All procedures that were cancelled received PORC review to determine any impact on safety prior to cancellation. Due to the subject matter, some of these procedures received NRC review prior to cancellation.

Additionally, in support of the recovery effort, a number of procedure changes were made and new procedures were issued. As required by the Recovery Technical Specifications, Section 6.8.2, these recovery related procedures received NRC review and approval prior to implementation. Since these procedures have received NRC approval, they will not be discussed further in this report.

The remainder of the changes were reviewed and it was determined that there were no changes applicable to the 10CFR 50.59 report.

TESTS AND EXPERIMENTS During the last year, several tests and experiments were performed in conjunction with the recovery effort. Most of these tests did not fall under the category of 50.59 subjects.

The following items represent those evolutions which are considered significant or fall into the category of 50.59 items. Also listed is any appropriate correspondence.

SDS Liner Hydrogen Generation Rate Description -

The basic procedure for obtaining samples for the gas generation rate was described in SOP R-2-81-59 along with a safety evaluation for storing liners in a wet vs dewatered mode.

This covers the hazards associated with hydrogen generation and sampling.

This procedure was approved by on-site NRC personnel on November 17, 1981 and as such will not be discussed further here.

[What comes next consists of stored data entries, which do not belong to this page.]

lemma CL_norm_le_add_scaled:
  assumes "1 \<le> r"
    and "\<And>j. Lr_norm_on r (I j) (g j)
      \<le> Lr_norm_on r (I\<^sub>1 j) (g\<^sub>1 j) + ennreal (2 powr (real_of_int j * d + e)) * Lr_norm_on r (I\<^sub>2 j) (g\<^sub>2 j)"
  shows "CL_norm r s I g \<le> CL_norm r s I\<^sub>1 g\<^sub>1 + ennreal (2 powr e) * CL_norm r (s + d) I\<^sub>2 g\<^sub>2"
proof -
  let ?P = "\<lambda>j \<sigma>. ennreal (2 powr (real_of_int j * \<sigma>))"
  have "?P j s * Lr_norm_on r (I j) (g j)
      \<le> ?P j s * Lr_norm_on r (I\<^sub>1 j) (g\<^sub>1 j) + ennreal (2 powr e) * (?P j (s + d) * Lr_norm_on r (I\<^sub>2 j) (g\<^sub>2 j))"
    for j
  proof -
    have "?P j s * ennreal (2 powr (real_of_int j * d + e)) = ennreal (2 powr e) * ?P j (s + d)"
      by (simp add: ennreal_mult'[symmetric] powr_add[symmetric] algebra_simps)
    then show ?thesis
      using mult_left_mono[OF assms(2)[of j], of "?P j s"]
      by (simp add: distrib_left mult.assoc[symmetric])
  qed
  then have "CL_norm r s I g \<le> (\<integral>\<^sup>+ j. ?P j s * Lr_norm_on r (I\<^sub>1 j) (g\<^sub>1 j)
      + ennreal (2 powr e) * (?P j (s + d) * Lr_norm_on r (I\<^sub>2 j) (g\<^sub>2 j)) \<partial>count_space UNIV)"
    unfolding CL_norm_eq_nn_integral[OF assms(1)] by (rule nn_integral_mono)
  then show ?thesis
    by (simp add: CL_norm_eq_nn_integral[OF assms(1)] nn_integral_add nn_integral_cmult)
qed

lemma le_floor_log2_inverse_iff:
  fixes x :: real and n :: int
  assumes "0 < x"
  shows "n \<le> \<lfloor>log 2 (1 / x)\<rfloor> \<longleftrightarrow> 2 powr n * x \<le> 1"
  using assms by (simp add: le_floor_iff le_log_iff field_simps)

lemma bfun_pos: "0 < \<mu> \<Longrightarrow> 0 \<le> \<tau> \<Longrightarrow> 0 < bfun \<mu> lam \<tau>"
  by (simp add: bfun_def)

lemma le_Jfun_iff:
  assumes "0 < \<epsilon>" "0 < \<mu>" "0 \<le> \<tau>"
  shows "j \<le> Jfun \<epsilon> \<mu> lam k0 \<tau> \<longleftrightarrow> 2 powr (j + k0) * (\<epsilon> * bfun \<mu> lam \<tau>) \<le> 1"
  using le_floor_log2_inverse_iff[of "\<epsilon> * bfun \<mu> lam \<tau>" "j + k0"] assms bfun_pos[of \<mu> \<tau> lam]
  by (simp add: Jfun_def algebra_simps)

lemma measurable_bfun [measurable]: "bfun \<mu> lam \<in> borel_measurable borel"
  unfolding bfun_def by measurable

lemma measurable_Jfun [measurable]: "Jfun \<epsilon> \<mu> lam k0 \<in> borel_measurable borel"
  unfolding Jfun_def by measurable

lemma sets_Ilow [measurable]: "Ilow \<epsilon> \<mu> lam k0 t j \<in> sets borel"
  unfolding Ilow_def by measurable

lemma sets_Ihigh [measurable]: "Ihigh \<epsilon> \<mu> lam k0 t j \<in> sets borel"
  unfolding Ihigh_def by measurable

lemma Lr_norm_on_le_low_add_high:
  assumes "1 \<le> r" "0 < \<epsilon>" "0 < \<mu>" and [measurable]: "\<phi> \<in> borel_measurable borel"
  shows "Lr_norm_on r {0..t} \<phi>
    \<le> Lr_norm_on r (Ilow \<epsilon> \<mu> lam k0 t j) \<phi>
      + ennreal (2 powr (real_of_int j + real_of_int k0))
        * Lr_norm_on r (Ihigh \<epsilon> \<mu> lam k0 t j) (\<lambda>\<tau>. ennreal (\<epsilon> * bfun \<mu> lam \<tau>) * \<phi> \<tau>)"
proof -
  define B where "B = {\<tau> \<in> {0..t}. Jfun \<epsilon> \<mu> lam k0 \<tau> < j}"
  have [measurable]: "B \<in> sets borel" unfolding B_def by measurable
  have "Lr_norm_on r {0..t} \<phi>
    \<le> Lr_norm_on r (Ilow \<epsilon> \<mu> lam k0 t j) \<phi>
      + ennreal (2 powr (real_of_int j + real_of_int k0))
        * Lr_norm_on r B (\<lambda>\<tau>. ennreal (\<epsilon> * bfun \<mu> lam \<tau>) * \<phi> \<tau>)"
    using assms le_Jfun_iff[OF assms(2,3)]
    by (intro Lr_norm_on_le_add_weighted) (auto simp: Ilow_def B_def not_le[symmetric])
  also have "\<dots> \<le> Lr_norm_on r (Ilow \<epsilon> \<mu> lam k0 t j) \<phi>
      + ennreal (2 powr (real_of_int j + real_of_int k0))
        * Lr_norm_on r (Ihigh \<epsilon> \<mu> lam k0 t j) (\<lambda>\<tau>. ennreal (\<epsilon> * bfun \<mu> lam \<tau>) * \<phi> \<tau>)"
    using assms(1) by (intro add_left_mono mult_left_mono Lr_norm_on_mono) (auto simp: B_def Ihigh_def)
  finally show ?thesis by simp
qed

lemma Lr_norm_on_le_high_add_low:
  assumes "1 \<le> r" "0 < \<epsilon>" "0 < \<mu>" and [measurable]: "\<phi> \<in> borel_measurable borel"
  shows "Lr_norm_on r {0..t} \<phi>
    \<le> Lr_norm_on r (Ihigh \<epsilon> \<mu> lam k0 t j) \<phi>
      + ennreal (2 powr (- real_of_int j - real_of_int k0))
        * Lr_norm_on r (Ilow \<epsilon> \<mu> lam k0 t j) (\<lambda>\<tau>. ennreal (1 / (\<epsilon> * bfun \<mu> lam \<tau>)) * \<phi> \<tau>)"
proof (rule Lr_norm_on_le_add_weighted)
  fix \<tau> assume "\<tau> \<in> Ilow \<epsilon> \<mu> lam k0 t j"
  with assms le_Jfun_iff[OF assms(2,3)] bfun_pos[OF assms(3)]
  have "0 < \<epsilon> * bfun \<mu> lam \<tau>" "2 powr (real_of_int j + real_of_int k0) * (\<epsilon> * bfun \<mu> lam \<tau>) \<le> 1"
    by (auto simp: Ilow_def)
  moreover have "2 powr (- real_of_int j - real_of_int k0) = 1 / 2 powr (real_of_int j + real_of_int k0)"
    by (simp add: powr_minus_divide[symmetric])
  ultimately show "1 \<le> 2 powr (- real_of_int j - real_of_int k0) * (1 / (\<epsilon> * bfun \<mu> lam \<tau>))"
    by (simp add: le_divide_eq mult.commute)
qed (use assms in \<open>auto simp: Ilow_def Ihigh_def\<close>)

theorem lemma3p1:
  fixes \<epsilon> \<mu> lam s t :: real and k0 :: int and r :: ereal
    and g :: "int \<Rightarrow> real \<Rightarrow> ennreal"
  assumes "0 < \<epsilon>" "\<epsilon> \<le> 1" "0 < \<mu>" "lam \<le> 1"
    and "0 \<le> s" "1 \<le> r" "0 < t"
    and "\<And>j. g j \<in> borel_measurable lborel"
  shows "(CL_norm r s (\<lambda>j. {0..t}) g
           \<le> CL_norm r s (Ilow \<epsilon> \<mu> lam k0 t) g
             + ennreal (2 powr real_of_int k0)
               * CL_norm r (s + 1) (Ihigh \<epsilon> \<mu> lam k0 t)
                   (\<lambda>j \<tau>. ennreal (\<epsilon> * bfun \<mu> lam \<tau>) * g j \<tau>))
       \<and> (CL_norm r s (\<lambda>j. {0..t}) g
           \<le> ennreal (2 powr (- real_of_int k0))
               * CL_norm r (s - 1) (Ilow \<epsilon> \<mu> lam k0 t)
                   (\<lambda>j \<tau>. ennreal (1 / (\<epsilon> * bfun \<mu> lam \<tau>)) * g j \<tau>)
             + CL_norm r s (Ihigh \<epsilon> \<mu> lam k0 t) g)"
proof
  have g: "g j \<in> borel_measurable borel" for j
    using assms(8)[of j] by simp
  show "CL_norm r s (\<lambda>j. {0..t}) g
           \<le> CL_norm r s (Ilow \<epsilon> \<mu> lam k0 t) g
             + ennreal (2 powr real_of_int k0)
               * CL_norm r (s + 1) (Ihigh \<epsilon> \<mu> lam k0 t)
                   (\<lambda>j \<tau>. ennreal (\<epsilon> * bfun \<mu> lam \<tau>) * g j \<tau>)"
    using Lr_norm_on_le_low_add_high[OF assms(6,1,3) g]
    by (intro CL_norm_le_add_scaled[where d = 1, OF assms(6)]) simp
  have "CL_norm r s (\<lambda>j. {0..t}) g
           \<le> CL_norm r s (Ihigh \<epsilon> \<mu> lam k0 t) g
             + ennreal (2 powr (- real_of_int k0))
               * CL_norm r (s + - 1) (Ilow \<epsilon> \<mu> lam k0 t)
                   (\<lambda>j \<tau>. ennreal (1 / (\<epsilon> * bfun \<mu> lam \<tau>)) * g j \<tau>)"
    using Lr_norm_on_le_high_add_low[OF assms(6,1,3) g]
    by (intro CL_norm_le_add_scaled[where d = "- 1", OF assms(6)]) simp
  then show "CL_norm r s (\<lambda>j. {0..t}) g
           \<le> ennreal (2 powr (- real_of_int k0))
               * CL_norm r (s - 1) (Ilow \<epsilon> \<mu> lam k0 t)
                   (\<lambda>j \<tau>. ennreal (1 / (\<epsilon> * bfun \<mu> lam \<tau>)) * g j \<tau>)
             + CL_norm r s (Ihigh \<epsilon> \<mu> lam k0 t) g"
    by (simp add: add.commute)
qed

Ronald C. Haynes 4400-82-L-0024 In Containment Resin Test Description -

This change was described in SOP R-2-81-11 and 12 approved by on-site NRC personnel on March 16, 1981 and March 19, 1981.

Thus, the test will not be discussed further.

Containment Decon Test Description -

This was a large scale decon test done during Entry No. 10.

The test was described in SOP R-2 81-20 approved by on-site NRC personnel on May 6,1981.

Thus, this test will not be discussed further here.

SDS Sand Filter Test Description -

This test and associated safety evaluation was previously provided to and reviewed by NRC in Septemeber and November 1981.